EXERCISE BRIEF — From the listing below, pull out the lines that hold "unfolding".

SOURCE RECORDS —
theorem theorem3:
  fixes V :: "'v set" and E :: "('v \<times> 'v) set" and f :: nat
    and A :: "('v, 's, 'm) byz_alg"
    and L C R F :: "'v set"
  assumes "simple_digraph V E"
    and "card V \<ge> 2"
    and "correct_byz_consensus V E f A"
    and "L \<union> C \<union> R \<union> F = V"
    and "L \<inter> C = {}" and "L \<inter> R = {}" and "L \<inter> F = {}"
    and "C \<inter> R = {}" and "C \<inter> F = {}" and "R \<inter> F = {}"
    and "L \<noteq> {}" and "R \<noteq> {}"
    and "card F \<le> f"
  shows "reaches E f (L \<union> C) R \<or> reaches E f (R \<union> C) L"
proof (rule ccontr)
  assume neither: "\<not> (reaches E f (L \<union> C) R \<or> reaches E f (R \<union> C) L)"
  define NL where "NL = {i \<in> R \<union> C. \<exists>j\<in>L. (i, j) \<in> E}"
  define NR where "NR = {i \<in> L \<union> C. \<exists>j\<in>R. (i, j) \<in> E}"
  have "card NL \<le> f" and "card NR \<le> f"
    using neither by (auto simp: reaches_def NL_def NR_def)
  have "E \<subseteq> V \<times> V" using assms(1) by (simp add: simple_digraph_def)
  with assms(4) have in_L: "k \<in> L \<union> F \<union> NL" if "(k, i) \<in> E" and "i \<in> L" for k i
    using that unfolding NL_def by blast
  from \<open>E \<subseteq> V \<times> V\<close> assms(4)
  have in_R: "k \<in> R \<union> F \<union> NR" if "(k, i) \<in> E" and "i \<in> R" for k i
    using that unfolding NR_def by blast
  have "NL \<subseteq> V" and "NL \<inter> (L \<union> F) = {}"
    using assms(4-10) unfolding NL_def by auto
  moreover have "NR \<subseteq> V" and "NR \<inter> (R \<union> F) = {}"
    using assms(4-10) unfolding NR_def by auto
  moreover have "L \<subseteq> V" "R \<subseteq> V" "F \<subseteq> V" and "F \<inter> (L \<union> R) = {}"
    using assms(4,7,10) by auto
  ultimately have "\<not> correct_byz_consensus V E f A"
    using separated_sides_not_correct_byz_consensus[of L V R F f NL NR E A]
      assms(6,11-13) \<open>card NL \<le> f\<close> \<open>card NR \<le> f\<close> in_L in_R
    by blast
  with assms(3) show False by simp
qed

end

ANSWER SECTION —
    using that unfolding NL_def by blast
    using that unfolding NR_def by blast
    using assms(4-10) unfolding NL_def by auto
    using assms(4-10) unfolding NR_def by auto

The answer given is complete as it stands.